For each protein-drug pair, they generated five different binding poses, then picked only the most accurate ones based on their predicted potency. The result? A high-quality, synthetic dataset that’s ready to train next-gen AI models.
Also Read Base44, Six-Month-Old Vibe Code AI Startup, Acquired by Wix for $80 Million
Real Data, Synthetic Speed
“This is a long-standing problem in biology,” said Nadia Harhen, head of AI simulation at SandboxAQ. “Now we’re solving it with data that’s synthetic—but anchored in experimental truth.”
This changes everything. Most AI models struggle with new molecules or unknown proteins. That’s because they haven’t seen enough training data.
SAIR fixes that by offering an open, massive new training set—freely available to researchers.

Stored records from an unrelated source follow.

lemma card_le_cut_rank_if_pivots:
  fixes V X :: "'a::linorder set" and S :: "'b set" and x y :: "'b \<Rightarrow> 'a"
  assumes V: "finite V" "X \<subseteq> V" and S: "finite S"
    and xy: "\<forall>i\<in>S. x i \<in> X \<and> y i \<in> V - X"
    and diag: "\<forall>i\<in>S. adj (x i) (y i)"
    and pivot: "\<And>T. T \<subseteq> S \<Longrightarrow> T \<noteq> {} \<Longrightarrow> \<exists>i\<in>T. \<forall>j\<in>T - {i}. \<not> adj (x i) (y j)"
  shows "card S \<le> cut_rank V adj X"
proof -
  have "finite X" "finite (V - X)"
    using V finite_subset by auto
  then have "\<forall>i\<in>S. (\<exists>p < card X. sorted_list_of_set X ! p = x i)
      \<and> (\<exists>q < card (V - X). sorted_list_of_set (V - X) ! q = y i)"
    using xy ex_nth_sorted_list_of_set by blast
  then obtain r c where rc: "\<forall>i\<in>S. r i < card X \<and> sorted_list_of_set X ! r i = x i
      \<and> c i < card (V - X) \<and> sorted_list_of_set (V - X) ! c i = y i"
    by metis
  have entry: "cut_matrix V adj X $$ (r i, c j) = (if adj (x i) (y j) then 1 else 0)"
    if "i \<in> S" "j \<in> S" for i j
    using that rc index_cut_matrix[OF V] by simp
  show ?thesis
    unfolding cut_rank_def
  proof (rule card_le_rank_if_pivots[OF carrier_cut_matrix[OF V] S])
    show "\<forall>i\<in>S. r i < card X \<and> c i < card (V - X)"
      using rc by blast
    show "\<forall>i\<in>S. cut_matrix V adj X $$ (r i, c i) \<noteq> 0"
      using diag entry by simp
    show "\<exists>i\<in>T. \<forall>j\<in>T - {i}. cut_matrix V adj X $$ (r i, c j) = 0"
      if "T \<subseteq> S" "T \<noteq> {}" for T
      using pivot[OF that] entry that by (metis Diff_iff subsetD)
  qed
qed

lemma ex_pivot_if_upper_triangular:
  fixes T :: "'b::linorder set"
  assumes "finite T" "T \<noteq> {}" and "\<forall>i\<in>T. \<forall>j\<in>T. i < j \<longrightarrow> Z i j"
  shows "\<exists>i\<in>T. \<forall>j\<in>T - {i}. Z i j"
  using assms by (metis DiffE Min_in Min_le insertCI order_le_neq_trans)

lemma ex_pivot_if_lower_triangular:
  fixes T :: "'b::linorder set"
  assumes "finite T" "T \<noteq> {}" and "\<forall>i\<in>T. \<forall>j\<in>T. j < i \<longrightarrow> Z i j"
  shows "\<exists>i\<in>T. \<forall>j\<in>T - {i}. Z i j"
  using assms by (metis DiffE Max_in Max_ge insertCI order_le_neq_trans)

definition mixed_lines :: "nat \<Rightarrow> (nat \<Rightarrow> nat \<Rightarrow> nat \<times> nat) \<Rightarrow> (nat \<times> nat) set \<Rightarrow> nat set" where
  "mixed_lines n L X = {i \<in> {1..n}. (\<exists>h\<in>{1..n}. L i h \<in> X) \<and> (\<exists>h\<in>{1..n}. L i h \<notin> X)}"

abbreviation mixed_columns :: "nat \<Rightarrow> (nat \<times> nat) set \<Rightarrow> nat set" where
  "mixed_columns n X \<equiv> mixed_lines n Pair X"

abbreviation mixed_rows :: "nat \<Rightarrow> (nat \<times> nat) set \<Rightarrow> nat set" where
  "mixed_rows n X \<equiv> mixed_lines n (\<lambda>i h. (h, i)) X"

lemma card_lines_starting_outside_le_cut_rank:
  assumes X: "X \<subseteq> grid_vertices n n"
    and L_grid: "\<And>i h. i \<in> {1..n} \<Longrightarrow> h \<in> {1..n} \<Longrightarrow> L i h \<in> grid_vertices n n"
    and L_adj: "\<And>i h j k. comp_grid_adj (L i h) (L j k) = comp_grid_adj (i, h) (j, k)"
  shows "card {i \<in> {1..n}. L i 1 \<notin> X \<and> (\<exists>h\<in>{1..n}. L i h \<in> X)}
    \<le> cut_rank (grid_vertices n n) comp_grid_adj X" (is "card ?A \<le> _")
proof -
  have ex: "\<forall>i\<in>?A. \<exists>h. 1 < h \<and> h \<le> n \<and> L i h \<in> X"
    by (auto simp: le_less)
  obtain h where h: "\<forall>i\<in>?A. 1 < h i \<and> h i \<le> n \<and> L i (h i) \<in> X"
    using bchoice[OF ex] by blast
  show ?thesis
  proof (rule card_le_cut_rank_if_pivots[OF _ X, where x = "\<lambda>i. L i (h i)" and y = "\<lambda>i. L i 1"])
    show "finite (grid_vertices n n)" "finite ?A"
      by (simp_all add: grid_vertices_def)
    show "\<forall>i\<in>?A. L i (h i) \<in> X \<and> L i 1 \<in> grid_vertices n n - X"
      using h L_grid by auto
    show "\<forall>i\<in>?A. comp_grid_adj (L i (h i)) (L i 1)"
    proof
      fix i assume "i \<in> ?A"
      then have "1 < h i"
        using h by blast
      then show "comp_grid_adj (L i (h i)) (L i 1)"
        unfolding L_adj by (simp add: comp_grid_adj_def)
    qed
    show "\<exists>i\<in>T. \<forall>j\<in>T - {i}. \<not> comp_grid_adj (L i (h i)) (L j 1)"
      if T: "T \<subseteq> ?A" "T \<noteq> {}" for T
    proof (rule ex_pivot_if_upper_triangular)
      show "finite T"
        using T(1) by (rule finite_subset) simp
      have "\<forall>i\<in>T. 1 < h i"
        using T(1) h by blast
      then show "\<forall>i\<in>T. \<forall>j\<in>T. i < j \<longrightarrow> \<not> comp_grid_adj (L i (h i)) (L j 1)"
        unfolding L_adj by (auto simp: comp_grid_adj_def)
    qed (fact T(2))
  qed
qed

No more waiting for lab results. No more paywalls.
A Public Dataset with Private Muscle
Here’s the twist: while the SAIR dataset is free, SandboxAQ’s AI models trained on this data will be paid tools. These models aim to predict protein binding—and do it faster than traditional lab methods.
They could eventually replace some early-stage drug experiments, cutting costs and saving months of work.
And yes, NVIDIA’s chips are powering it all.
What’s Next?
AI is no longer a sidekick in biotech. It’s becoming the main driver. Datasets like SAIR mean startups and research labs can now train smarter, build faster, and test virtually.
This isn’t just data—it’s a shortcut to the future of medicine.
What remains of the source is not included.